Ann: I've been in contact with a few, basically hobbyist frame builders who are having whole joint areas 3d printed for them, to their specification, and then basically weaving their own carbon fiber and bonding it all together.

Mike: Oh wow. Well I guess I don't know the metallurgical properties of this 3d printed titanium. I'm going to start out very skeptical about that.

Ann: I've heard of these parts being pretty brittle in certain applications. So yeah, it probably warrants skepticism at this point.

Mike: And the price? And it's a very slow process... And the welds were all--at least on this bike I saw on YouTube [it's a bike by Sturdy Cycles]--the welds were all straight around the tube.

Ann: Oh!

Mike: So, that's a stress concentration. You kind of want the welds, the way that old-fashioned lugs have the points, to spread out the stress. And none of the 3d printed titanium lugs had that feature. It was all just cut-off straight. So it really wants to break at the welds right there.

Ann: That brings me back to an earlier topic, can you clarify the construction of the chain stay lugs on your SlingShot and other bikes?

Mike: Yeah I always did that. I built all my frames like that because I was tired of repairing Merlins, which always broke at the chain stay bridge. So I said, ok, I'll just leave out the chain stay bride, so it'll break somewhere else. [chuckles]. So instead I used, um... 7/8, 16th-wall? for these little three-to-four inch long lugs. And I cut them off, with the lug shape like we were talking about, with the point. And what you do is you stick in that ¾ tubing, that's the chain stay, that fits perfectly inside that tube, and then you squish it in a vise so it's ovalized, and then weld it.

Ann: And you just weld right along the lug edge? I see.

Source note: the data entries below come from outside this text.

lemma kron_mult:
  assumes A: "A \<in> carrier_mat a1 a2" and B: "B \<in> carrier_mat b1 b2"
    and C: "C \<in> carrier_mat a2 a3" and D: "D \<in> carrier_mat b2 b3"
  shows "kron A B * kron C D = kron (A * C) (B * D)"
proof (rule eq_matI)
  fix i j assume "i < dim_row (kron (A * C) (B * D))" "j < dim_col (kron (A * C) (B * D))"
  hence i: "i < a1 * b1" and j: "j < a3 * b3" using A B C D by auto
  have "(kron A B * kron C D) $$ (i,j) = (\<Sum>k<a2*b2. kron A B $$ (i,k) * kron C D $$ (k,j))"
    by (rule index_mult_mat_sum[OF _ _ i j]) (use A B C D in auto)
  also have "\<dots> = (\<Sum>k<a2*b2. (A $$ (i div b1, k div b2) * C $$ (k div b2, j div b3)) *
      (B $$ (i mod b1, k mod b2) * D $$ (k mod b2, j mod b3)))"
    using A B C D i j by (intro sum.cong refl) auto
  also have "\<dots> = (\<Sum>x<a2. A $$ (i div b1, x) * C $$ (x, j div b3)) *
      (\<Sum>y<b2. B $$ (i mod b1, y) * D $$ (y, j mod b3))"
    by (simp add: sum_lessThan_mult_div_mod[where f = "\<lambda>x y. (A $$ (i div b1, x) * C $$ (x, j div b3)) *
      (B $$ (i mod b1, y) * D $$ (y, j mod b3))"] sum_product)
  also have "\<dots> = kron (A * C) (B * D) $$ (i,j)"
    using index_mult_mat_sum[OF A C less_mult_imp_div_less[OF i] less_mult_imp_div_less[OF j]]
      index_mult_mat_sum[OF B D mod_less_of_less_mult[OF i] mod_less_of_less_mult[OF j]] A B C D i j
    by simp
  finally show "(kron A B * kron C D) $$ (i,j) = kron (A * C) (B * D) $$ (i,j)" .
qed (use A B C D in auto)

lemma kron_adj: "adj (kron A B) = kron (adj A) (adj B)"
proof (rule eq_matI)
  fix i j assume "i < dim_row (kron (adj A) (adj B))" "j < dim_col (kron (adj A) (adj B))"
  hence i: "i < dim_col A * dim_col B" and j: "j < dim_row A * dim_row B" by auto
  show "adj (kron A B) $$ (i,j) = kron (adj A) (adj B) $$ (i,j)"
    using i j less_mult_imp_div_less[OF i] less_mult_imp_div_less[OF j]
      mod_less_of_less_mult[OF i] mod_less_of_less_mult[OF j] by simp
qed auto

lemma kron_one: "kron (1\<^sub>m a) (1\<^sub>m b) = (1\<^sub>m (a * b) :: complex mat)"
  by (rule eq_matI) (auto simp: less_mult_imp_div_less mod_less_of_less_mult
      dest: div_mod_eq_iff[THEN iffD1, OF conjI])

lemma kron_real_diag:
  "kron (real_diag a x) (real_diag b y) = real_diag (a * b) (\<lambda>i. x (i div b) * y (i mod b))"
  by (rule eq_matI) (auto simp: less_mult_imp_div_less mod_less_of_less_mult
      dest: div_mod_eq_iff[THEN iffD1, OF conjI])

lemma unitary_kron:
  assumes U: "unitary a U" and V: "unitary b V"
  shows "unitary (a * b) (kron U V)"
proof -
  note Uc = unitaryD[OF U] and Vc = unitaryD[OF V]
  have "adj (kron U V) * kron U V = kron (adj U * U) (adj V * V)"
    unfolding kron_adj by (rule kron_mult) (use Uc Vc in auto)
  thus ?thesis unfolding unitary_def using Uc Vc by (auto simp: kron_one)
qed

lemma unitary_diag_kron:
  assumes U: "unitary a U" and V: "unitary b V"
  shows "kron (unitary_diag a U x) (unitary_diag b V y) =
    unitary_diag (a * b) (kron U V) (\<lambda>i. x (i div b) * y (i mod b))"
proof -
  note Uc = unitaryD[OF U] and Vc = unitaryD[OF V]
  have "kron (unitary_diag a U x) (unitary_diag b V y) =
      kron (U * real_diag a x) (V * real_diag b y) * kron (adj U) (adj V)"
    unfolding unitary_diag_def by (rule kron_mult[symmetric]) (use Uc Vc in auto)
  also have "kron (U * real_diag a x) (V * real_diag b y) = kron U V * kron (real_diag a x) (real_diag b y)"
    by (rule kron_mult[symmetric]) (use Uc Vc in auto)
  finally show ?thesis unfolding unitary_diag_def kron_real_diag kron_adj .
qed

text \<open>The product distribution \<open>p\<^sup>\<otimes>\<^sup>k\<close> on strings of length \<open>k\<close> over \<open>{..<d}\<close>; a string is encoded by the
  number \<open>x < d ^ k\<close> whose base-\<open>d\<close> digits are its letters, the last letter being \<open>x mod d\<close>.\<close>
fun iid_prob :: "nat \<Rightarrow> (nat \<Rightarrow> real) \<Rightarrow> nat \<Rightarrow> nat \<Rightarrow> real" where
  "iid_prob d p 0 = (\<lambda>_. 1)"
| "iid_prob d p (Suc k) = (\<lambda>x. iid_prob d p k (x div d) * p (x mod d))"

lemma tensor_pow_unitary_diag:
  assumes U: "unitary d U" and rho: "\<rho> = unitary_diag d U p"
  shows "unitary (d ^ k) (tensor_pow U k) \<and>
    tensor_pow \<rho> k = unitary_diag (d ^ k) (tensor_pow U k) (iid_prob d p k)"
proof (induction k)
  case 0
  have "adj (1\<^sub>m 1) = (1\<^sub>m 1 :: complex mat)" by (rule eq_matI) auto
  hence u1: "unitary 1 (1\<^sub>m 1)" by (simp add: unitary_def)
  have "(1 :: complex) \<cdot>\<^sub>m 1\<^sub>m 1 = 1\<^sub>m 1" by (rule eq_matI) auto
  then show ?case using u1 unitary_diag_const[OF u1, of 1] by simp
next
  case (Suc k)
  then show ?case
    using unitary_kron[OF conjunct1[OF Suc] U] unitary_diag_kron[OF conjunct1[OF Suc] U] rho
    by (simp add: mult.commute)
qed

section \<open>The method of types\<close>

lemma iid_prob_sum: "(\<Sum>x<d ^ k. iid_prob d p k x) = (\<Sum>i<d. p i) ^ k"
proof (induction k)
  case (Suc k)
  have "(\<Sum>x<d ^ Suc k. iid_prob d p (Suc k) x) = (\<Sum>x<d ^ k * d. iid_prob d p k (x div d) * p (x mod d))"
    by (simp add: mult.commute)
  also have "\<dots> = (\<Sum>a<d ^ k. \<Sum>b<d. iid_prob d p k a * p b)"
    by (rule sum_lessThan_mult_div_mod)
  also have "\<dots> = (\<Sum>a<d ^ k. iid_prob d p k a) * (\<Sum>b<d. p b)" by (simp add: sum_product)
  finally show ?case using Suc by simp
qed simp

lemma iid_prob_nonneg: "\<forall>i<d. p i \<ge> 0 \<Longrightarrow> d > 0 \<Longrightarrow> iid_prob d p k x \<ge> 0"
  by (induction k arbitrary: x) auto

fun letter_count :: "nat \<Rightarrow> nat \<Rightarrow> nat \<Rightarrow> nat \<Rightarrow> nat" where
  "letter_count d 0 x i = 0"
| "letter_count d (Suc k) x i = letter_count d k (x div d) i + (if x mod d = i then 1 else 0)"

lemma letter_count_le: "letter_count d k x i \<le> k"
  by (induction k arbitrary: x) (auto intro: le_SucI)

lemma letter_count_sum: "d > 0 \<Longrightarrow> (\<Sum>i<d. letter_count d k x i) = k"
proof (induction k arbitrary: x)
  case (Suc k)
  have "(\<Sum>i<d. letter_count d (Suc k) x i) =
      (\<Sum>i<d. letter_count d k (x div d) i) + (\<Sum>i<d. if x mod d = i then 1 else 0)"
    by (simp add: sum.distrib)
  also have "(\<Sum>i<d. (if x mod d = i then 1 else 0 :: nat)) = 1" using Suc.prems by simp
  finally show ?case using Suc by simp
qed simp

lemma iid_prob_eq_prod: "d > 0 \<Longrightarrow> iid_prob d p k x = (\<Prod>i<d. p i ^ letter_count d k x i)"
proof (induction k arbitrary: x)
  case (Suc k)
  have "(\<Prod>i<d. p i ^ letter_count d (Suc k) x i) =
      (\<Prod>i<d. p i ^ letter_count d k (x div d) i * p i ^ (if x mod d = i then 1 else 0))"
    by (simp add: power_add)
  also have "\<dots> = (\<Prod>i<d. p i ^ letter_count d k (x div d) i) * (\<Prod>i<d. p i ^ (if x mod d = i then 1 else 0))"
    by (rule prod.distrib)
  also have "(\<Prod>i<d. p i ^ (if x mod d = i then 1 else 0)) = (\<Prod>i<d. if x mod d = i then p i else 1)"
    by (intro prod.cong refl) auto
  also have "(\<Prod>i<d. if x mod d = i then p i else 1) = p (x mod d)" using Suc.prems by simp
  finally show ?case using Suc by simp
qed simp

lemma iid_prob_pos_letter_pos:
  assumes d: "d > 0" and p: "\<forall>i<d. p i \<ge> 0" and pos: "iid_prob d p k x > 0" and i: "i < d"
    and c: "letter_count d k x i > 0"
  shows "p i > 0"
proof -
  have "p i ^ letter_count d k x i \<noteq> 0"
  proof
    assume "p i ^ letter_count d k x i = 0"
    hence "(\<Prod>i<d. p i ^ letter_count d k x i) = 0"
      using i by (intro prod_zero[OF finite_lessThan]) blast
    hence "iid_prob d p k x = 0" by (simp only: iid_prob_eq_prod[OF d])
    thus False using pos by simp
  qed
  hence "p i \<noteq> 0" using c by auto
  thus ?thesis using p i by (simp add: order.not_eq_order_implies_strict)
qed

text \<open>Restricting the letter counts to \<open>{..<d}\<close> makes types elements of a finite \<open>PiE\<close> set, which
  bounds their number.\<close>
definition type_of :: "nat \<Rightarrow> nat \<Rightarrow> nat \<Rightarrow> nat \<Rightarrow> nat" where
  "type_of d k x = restrict (letter_count d k x) {..<d}"

lemma type_of_PiE: "type_of d k x \<in> PiE {..<d} (\<lambda>_. {..k})"
  unfolding type_of_def using letter_count_le by auto

lemma card_type_of_image: "card (type_of d k ` S) \<le> (k + 1) ^ d"
proof -
  have "card (type_of d k ` S) \<le> card (PiE {..<d} (\<lambda>_. {..k}))"
    using type_of_PiE by (intro card_mono finite_PiE) auto
  thus ?thesis by (simp add: card_PiE)
qed

lemma iid_prob_type_of_eq:
  assumes "d > 0" "type_of d k x = type_of d k y"
  shows "iid_prob d p k x = iid_prob d p k y"
proof -
  have "letter_count d k x i = letter_count d k y i" if "i < d" for i
    using assms(2) that unfolding type_of_def by (metis lessThan_iff restrict_apply')
  thus ?thesis unfolding iid_prob_eq_prod[OF assms(1)] by (intro prod.cong refl) auto
qed

definition empirical_dist :: "nat \<Rightarrow> nat \<Rightarrow> nat \<Rightarrow> nat \<Rightarrow> real" where
  "empirical_dist d n x i = real (letter_count d n x i) / real n"

definition empirical_divergence :: "nat \<Rightarrow> nat \<Rightarrow> (nat \<Rightarrow> real) \<Rightarrow> nat \<Rightarrow> real" where
  "empirical_divergence d n p x =
    (\<Sum>i<d. empirical_dist d n x i * (log 2 (empirical_dist d n x i) - log 2 (p i)))"

lemma empirical_dist_nonneg: "empirical_dist d n x i \<ge> 0"
  by (simp add: empirical_dist_def)

lemma empirical_dist_sum: "d > 0 \<Longrightarrow> n > 0 \<Longrightarrow> (\<Sum>i<d. empirical_dist d n x i) = 1"
  unfolding empirical_dist_def using letter_count_sum[of d n x]
  by (simp add: sum_divide_distrib[symmetric] flip: of_nat_sum)

lemma iid_prob_eq_powr:
  assumes d: "d > 0" and n: "n > 0" and p: "\<forall>i<d. p i \<ge> 0" and pos: "iid_prob d p n x > 0"
  shows "iid_prob d p n x = 2 powr (real n * (\<Sum>i<d. empirical_dist d n x i * log 2 (p i)))"
proof -
  let ?c = "letter_count d n x"
  have "p i ^ ?c i = 2 powr (real (?c i) * log 2 (p i))" if i: "i < d" for i
  proof (cases "?c i = 0")
    case False
    hence "p i > 0" using iid_prob_pos_letter_pos[OF d p pos i] by simp
    thus ?thesis by (simp add: powr_powr[symmetric] mult.commute[of _ "log 2 _"] powr_realpow)
  qed simp
  hence "iid_prob d p n x = (\<Prod>i<d. 2 powr (real (?c i) * log 2 (p i)))"
    unfolding iid_prob_eq_prod[OF d] by (intro prod.cong refl) auto
  also have "\<dots> = 2 powr (\<Sum>i<d. real (?c i) * log 2 (p i))"
    by (rule powr_sum[symmetric]) simp
  also have "(\<Sum>i<d. real (?c i) * log 2 (p i)) = real n * (\<Sum>i<d. empirical_dist d n x i * log 2 (p i))"
    unfolding sum_distrib_left using n by (intro sum.cong refl) (simp add: empirical_dist_def)
  finally show ?thesis .
qed

lemma iid_prob_empirical_dist_pos:
  assumes d: "d > 0" and n: "n > 0"
  shows "iid_prob d (empirical_dist d n x) n x > 0"
proof -
  have "empirical_dist d n x i ^ letter_count d n x i > 0" for i
    using n by (cases "letter_count d n x i = 0") (simp_all add: empirical_dist_def)
  thus ?thesis unfolding iid_prob_eq_prod[OF d] by (simp add: prod_pos)
qed

lemma iid_prob_eq_empirical:
  assumes d: "d > 0" and n: "n > 0" and p: "\<forall>i<d. p i \<ge> 0" and pos: "iid_prob d p n x > 0"
  shows "iid_prob d p n x =
    iid_prob d (empirical_dist d n x) n x * 2 powr (- real n * empirical_divergence d n p x)"
proof -
  have "\<forall>i<d. empirical_dist d n x i \<ge> 0" by (simp add: empirical_dist_nonneg)
  note t_powr = iid_prob_eq_powr[OF d n this iid_prob_empirical_dist_pos[OF d n]]
  show ?thesis
    unfolding iid_prob_eq_powr[OF d n p pos] t_powr empirical_divergence_def
    by (simp add: powr_add[symmetric] sum_subtractf algebra_simps)
qed

lemma iid_prob_type_class_le:
  assumes d: "d > 0" and n: "n > 0" and K: "K \<subseteq> {..<d ^ n}"
    and same_type: "\<forall>x\<in>K. type_of d n x = type_of d n x0"
  shows "real (card K) * iid_prob d (empirical_dist d n x0) n x0 \<le> 1"
proof -
  let ?t = "empirical_dist d n x0"
  have "iid_prob d ?t n x = iid_prob d ?t n x0" if "x \<in> K" for x
    using same_type that by (intro iid_prob_type_of_eq[OF d]) auto
  hence "real (card K) * iid_prob d ?t n x0 = (\<Sum>x\<in>K. iid_prob d ?t n x)" by simp
  also have "\<dots> \<le> (\<Sum>x<d ^ n. iid_prob d ?t n x)"
    by (rule sum_mono2[OF finite_lessThan K]) (simp add: iid_prob_nonneg[OF _ d] empirical_dist_nonneg)
  also have "\<dots> = 1" using iid_prob_sum[of d ?t n] empirical_dist_sum[OF d n] by simp
  finally show ?thesis .
qed

text \<open>Method of types: each of the at most \<open>(n + 1)\<^sup>d\<close> type classes meeting \<open>S\<close> carries mass at most
  \<open>2\<^sup>-\<^sup>n\<^sup>r\<close>.\<close>
lemma iid_prob_sum_le_types:
  assumes d: "d > 0" and n: "n > 0" and p: "\<forall>i<d. p i \<ge> 0" and S: "S \<subseteq> {..<d ^ n}"
    and far: "\<forall>x\<in>S. iid_prob d p n x > 0 \<longrightarrow> r \<le> empirical_divergence d n p x"
  shows "(\<Sum>x\<in>S. iid_prob d p n x) \<le> real ((n + 1) ^ d) * 2 powr (- real n * r)"
proof -
  have fS: "finite S" using S finite_subset by blast
  define C where "C = type_of d n ` S"
  have class_mass: "(\<Sum>x\<in>{x \<in> S. type_of d n x = c}. iid_prob d p n x) \<le> 2 powr (- real n * r)"
    if c: "c \<in> C" for c
  proof -
    obtain x0 where x0: "x0 \<in> S" "type_of d n x0 = c" using c unfolding C_def by auto
    define K where "K = {x \<in> S. type_of d n x = c}"
    have K: "K \<subseteq> {..<d ^ n}" "\<forall>x\<in>K. type_of d n x = type_of d n x0" using S x0 by (auto simp: K_def)
    have "iid_prob d p n x = iid_prob d p n x0" if "x \<in> K" for x
      using K(2) that by (intro iid_prob_type_of_eq[OF d]) auto
    hence sum_K: "(\<Sum>x\<in>K. iid_prob d p n x) = real (card K) * iid_prob d p n x0" by simp
    show ?thesis
    proof (cases "iid_prob d p n x0 > 0")
      case False
      thus ?thesis using iid_prob_nonneg[OF p d, of n x0] unfolding K_def[symmetric] sum_K by simp
    next
      case True
      have "real (card K) * iid_prob d p n x0 = real (card K) *
          iid_prob d (empirical_dist d n x0) n x0 * 2 powr (- real n * empirical_divergence d n p x0)"
        using iid_prob_eq_empirical[OF d n p True] by simp
      also have "\<dots> \<le> 1 * 2 powr (- real n * empirical_divergence d n p x0)"
        by (rule mult_right_mono[OF iid_prob_type_class_le[OF d n K]]) simp
      also have "\<dots> \<le> 2 powr (- real n * r)" using far x0 True n by simp
      finally show ?thesis unfolding K_def[symmetric] sum_K .
    qed
  qed
  have "(\<Sum>x\<in>S. iid_prob d p n x) = (\<Sum>c\<in>C. \<Sum>x\<in>{x \<in> S. type_of d n x = c}. iid_prob d p n x)"
    by (rule sum.group[symmetric, OF fS]) (simp_all add: C_def fS)
  also have "\<dots> \<le> real (card C) * 2 powr (- real n * r)" using sum_mono[OF class_mass] by simp
  also have "\<dots> \<le> real ((n + 1) ^ d) * 2 powr (- real n * r)"
    using card_type_of_image[of d n S] unfolding C_def by (intro mult_right_mono) (simp_all only: of_nat_le_iff powr_ge_zero)
  finally show ?thesis .
qed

Mike: Yes, just a minimal weld there. Titanium frames really want to break right there. We made them too light at first. At first we thought seat tubes can't break. It could be a light as you could possibly make it and there's no stress in the seat tube, so it won't break. Well that was wrong.

Ann: I think that's all the questions I have for now! Thank you so much for talking with me about this stuff!

Mike: Sure thing, it's fun to talk about.